Noted economist and longtime stock bull Jeremy Siegel is urging caution in the waning bull market.
Siegel, finance professor at the Wharton School and author of Stocks for the Long Run, correctly predicted the Dow Jones Industrials would hit 24,000.
In late 2017, Siegel also correctly predicted the Dow hitting 20,000. The Dow at this writing was trading intraday at around 24,611, up 195 points from the open.
Siegel now appears to be straying from the bull camp, however. He cites risks from rising interest rates to trade tensions as the reasoning behind his new prediction.
“The major threat of the market is higher interest rates going forward,” he said.
“Too many people read the FOMC minutes as being too dovish.”
Siegel expects the Federal Reserve to raise rates four times this year. He has previously expressed concern over a quickly changing monetary policy.
The Federal Reserve benchmark interest rate, the federal funds rate, is at 1.75 now. It had been at nearly zero since the 2008 crisis and finally began its recent ascent in late 2015.
Siegel is still a fan of stocks, of course. But he worries what might happen if the Fed has to admit to tightening too fast.
“Is the Fed going to be much more aggressive as that unemployment rate keeps on going down? Will they have to tighten? And that will definitely put a pause.”
The U.S. economy added 223,000 jobs in May, pushing the unemployment rate down to 3.8%.
Most economists have long considered 5% unemployment as “full employment” in the United States and a signal that rising wages and inflation are on the way.
Siegel also is concerned about politics.
“How will the Republicans do in the midterm elections? Will they hold the Senate? Will they hold the House? That’s why it’s more urgent go get what you think is right done now.”
Siegel has rising tensions with China on the mind, too. “[President Donald Trump] feels he has to tread very, very carefully on this. It doesn’t mean for sure he won’t go full blast forward,” he said, referring to trade negotiations.

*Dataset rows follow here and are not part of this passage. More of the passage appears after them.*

(* Let $(M,g)$ be a $4$-dimensional $pp$-wave which is not locally conformally flat, with local form $g=2\,du\,dv+H(u,x_1,x_2)\,du^2+dx_1^2+dx_2^2$ and degenerate parallel line field $\mathcal D=\operatorname{span}\{\partial_v\}$. If $(M,g,f,\mu)$ is quasi-Einstein for some smooth $f$ and some real constant $\mu$ (arbitrary), then $df(\mathcal D)=0$, i.e. $\partial_v f=0$.
   Context: The structure $(M,g,f,\mu)$, with $f$ a smooth function and $\mu$ a real constant, is called quasi-Einstein if there is a smooth function $\lambda$ with $\operatorname{Hes}_f+\rho-\mu\, df\otimes df=\lambda g$, where $\rho$ is the Ricci tensor and $\operatorname{Hes}_f=\nabla df$ is the Hessian. Locally conformally flat means the Weyl tensor vanishes identically; not locally conformally flat means it does not vanish identically. *)

theory Defs
  imports "HOL-Analysis.Analysis"
begin

text \<open>Local coordinate calculus on an open set of R^4. Points are vectors p :: real^4,
  coordinate index type 4. Coordinate order: index 1 = u, 2 = v, 3 = x1, 4 = x2.\<close>

definition pd :: "4 \<Rightarrow> (real^4 \<Rightarrow> real) \<Rightarrow> real^4 \<Rightarrow> real" where
  "pd i F p = deriv (\<lambda>t. F (p + t *\<^sub>R axis i 1)) 0"

definition iter_pd :: "4 list \<Rightarrow> (real^4 \<Rightarrow> real) \<Rightarrow> real^4 \<Rightarrow> real" where
  "iter_pd is F = foldr pd is F"

definition smooth_on :: "(real^4) set \<Rightarrow> (real^4 \<Rightarrow> real) \<Rightarrow> bool" where
  "smooth_on U F \<longleftrightarrow>
     (\<forall>is. continuous_on U (iter_pd is F) \<and>
        (\<forall>i. \<forall>p\<in>U. (\<lambda>t. iter_pd is F (p + t *\<^sub>R axis i 1)) differentiable (at 0)))"

type_synonym metric = "4 \<Rightarrow> 4 \<Rightarrow> real^4 \<Rightarrow> real"

definition ginv :: "metric \<Rightarrow> 4 \<Rightarrow> 4 \<Rightarrow> real^4 \<Rightarrow> real" where
  "ginv g k l p = matrix_inv (\<chi> i j. g i j p) $ k $ l"

definition chr :: "metric \<Rightarrow> 4 \<Rightarrow> 4 \<Rightarrow> 4 \<Rightarrow> real^4 \<Rightarrow> real" where
  "chr g k i j p = (1/2) * (\<Sum>l\<in>UNIV. ginv g k l p *
      (pd i (g j l) p + pd j (g i l) p - pd l (g i j) p))"

text \<open>R^l_{ijk}: components of R(d_i,d_j)d_k = nabla_i nabla_j d_k - nabla_j nabla_i d_k.\<close>
definition riem :: "metric \<Rightarrow> 4 \<Rightarrow> 4 \<Rightarrow> 4 \<Rightarrow> 4 \<Rightarrow> real^4 \<Rightarrow> real" where
  "riem g l i j k p = pd i (chr g l j k) p - pd j (chr g l i k) p
     + (\<Sum>m\<in>UNIV. chr g m j k p * chr g l i m p - chr g m i k p * chr g l j m p)"

definition rm :: "metric \<Rightarrow> 4 \<Rightarrow> 4 \<Rightarrow> 4 \<Rightarrow> 4 \<Rightarrow> real^4 \<Rightarrow> real" where
  "rm g i j k l p = (\<Sum>m\<in>UNIV. g l m p * riem g m i j k p)"

definition ricci :: "metric \<Rightarrow> 4 \<Rightarrow> 4 \<Rightarrow> real^4 \<Rightarrow> real" where
  "ricci g j k p = (\<Sum>i\<in>UNIV. riem g i i j k p)"

definition scal :: "metric \<Rightarrow> real^4 \<Rightarrow> real" where
  "scal g p = (\<Sum>j\<in>UNIV. \<Sum>k\<in>UNIV. ginv g j k p * ricci g j k p)"

text \<open>Weyl tensor in dimension n = 4.\<close>
definition weyl :: "metric \<Rightarrow> 4 \<Rightarrow> 4 \<Rightarrow> 4 \<Rightarrow> 4 \<Rightarrow> real^4 \<Rightarrow> real" where
  "weyl g i j k l p = rm g i j k l p
     - (1/2) * (ricci g j k p * g i l p + ricci g i l p * g j k p
                - ricci g i k p * g j l p - ricci g j l p * g i k p)
     + (scal g p / 6) * (g j k p * g i l p - g i k p * g j l p)"

definition hes :: "metric \<Rightarrow> (real^4 \<Rightarrow> real) \<Rightarrow> 4 \<Rightarrow> 4 \<Rightarrow> real^4 \<Rightarrow> real" where
  "hes g f i j p = pd i (pd j f) p - (\<Sum>k\<in>UNIV. chr g k i j p * pd k f p)"

definition quasi_einstein :: "(real^4) set \<Rightarrow> metric \<Rightarrow> (real^4 \<Rightarrow> real) \<Rightarrow> real \<Rightarrow> bool" where
  "quasi_einstein U g f \<mu> \<longleftrightarrow>
     (\<exists>lam. smooth_on U lam \<and>
        (\<forall>p\<in>U. \<forall>i j. hes g f i j p + ricci g i j p - \<mu> * pd i f p * pd j f p = lam p * g i j p))"

definition ppwave :: "(real \<Rightarrow> real \<Rightarrow> real \<Rightarrow> real) \<Rightarrow> metric" where
  "ppwave H i j p =
     (if i = 1 \<and> j = 1 then H (p$1) (p$3) (p$4)
      else if (i = 1 \<and> j = 2) \<or> (i = 2 \<and> j = 1) \<or> (i = 3 \<and> j = 3) \<or> (i = 4 \<and> j = 4) then 1
      else 0)"

end

theory Submission
  imports Defs
begin

text \<open>Put \<open>\<psi> = e\<^sup>-\<^sup>\<mu>\<^sup>f \<partial>\<^sub>v f\<close>. The components of the quasi-Einstein equation of a pp-wave other than
  the \<open>uu\<close> one say that \<open>\<psi>\<close> depends on \<open>u\<close> alone, with \<open>\<partial>\<^sub>u \<psi> = L = e\<^sup>-\<^sup>\<mu>\<^sup>f \<lambda>\<close>; comparing
  mixed third derivatives of \<open>e\<^sup>-\<^sup>\<mu>\<^sup>f \<partial>\<^sub>x\<^sub>a f\<close> then gives
  \<open>\<partial>\<^sub>u L = H\<^sub>1\<^sub>1 \<psi>/2 = H\<^sub>2\<^sub>2 \<psi>/2\<close> and \<open>H\<^sub>1\<^sub>2 \<psi> = 0\<close>, where \<open>H\<^sub>a\<^sub>b\<close> is the transversal Hessian
  of \<open>H\<close>. The Weyl tensor vanishes wherever \<open>H\<^sub>1\<^sub>1 = H\<^sub>2\<^sub>2\<close> and \<open>H\<^sub>1\<^sub>2 = 0\<close>, so \<open>\<psi>\<close> vanishes on a
  nonempty open set. Along each \<open>u\<close>-line \<open>\<psi>\<close> solves the linear equation \<open>\<psi>'' = H\<^sub>1\<^sub>1 \<psi>/2\<close>, so by
  uniqueness for this ODE the interior of its zero set is closed in the connected domain.\<close>

definition has_pd :: "4 \<Rightarrow> (real^4 \<Rightarrow> real) \<Rightarrow> real^4 \<Rightarrow> real \<Rightarrow> bool" where
  "has_pd i F p D \<longleftrightarrow> ((\<lambda>t. F (p + t *\<^sub>R axis i 1)) has_real_derivative D) (at 0)"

“Caution is going to be the word here.”
Siegel has repeatedly warned that 2018 will not be as profitable as 2017, though he says he sees no signs of the economy slowing down.
Another one of Siegel’s predictions is that stocks will be flat this year — or up by 10 percent by year-end.
“This is a great year for earnings, no one argues with that,” he said.
“But the tax cut is front-loaded which means that the write-offs on capital equipment are going to accrue to 2018 and not nearly as much in 2019.”
Siegel’s views come a day after stocks were able to come back from political tensions in Italy that rocked the global market.
The problems in Europe erupted after the country’s two largest parties, the left-wing 5-Star Movement and the right-wing League, tried to appoint an anti-European Union politician as finance minister.
This was vetoed by the country’s president, Sergio Mattarella, who then then appointed a new euro-friendly prime minister.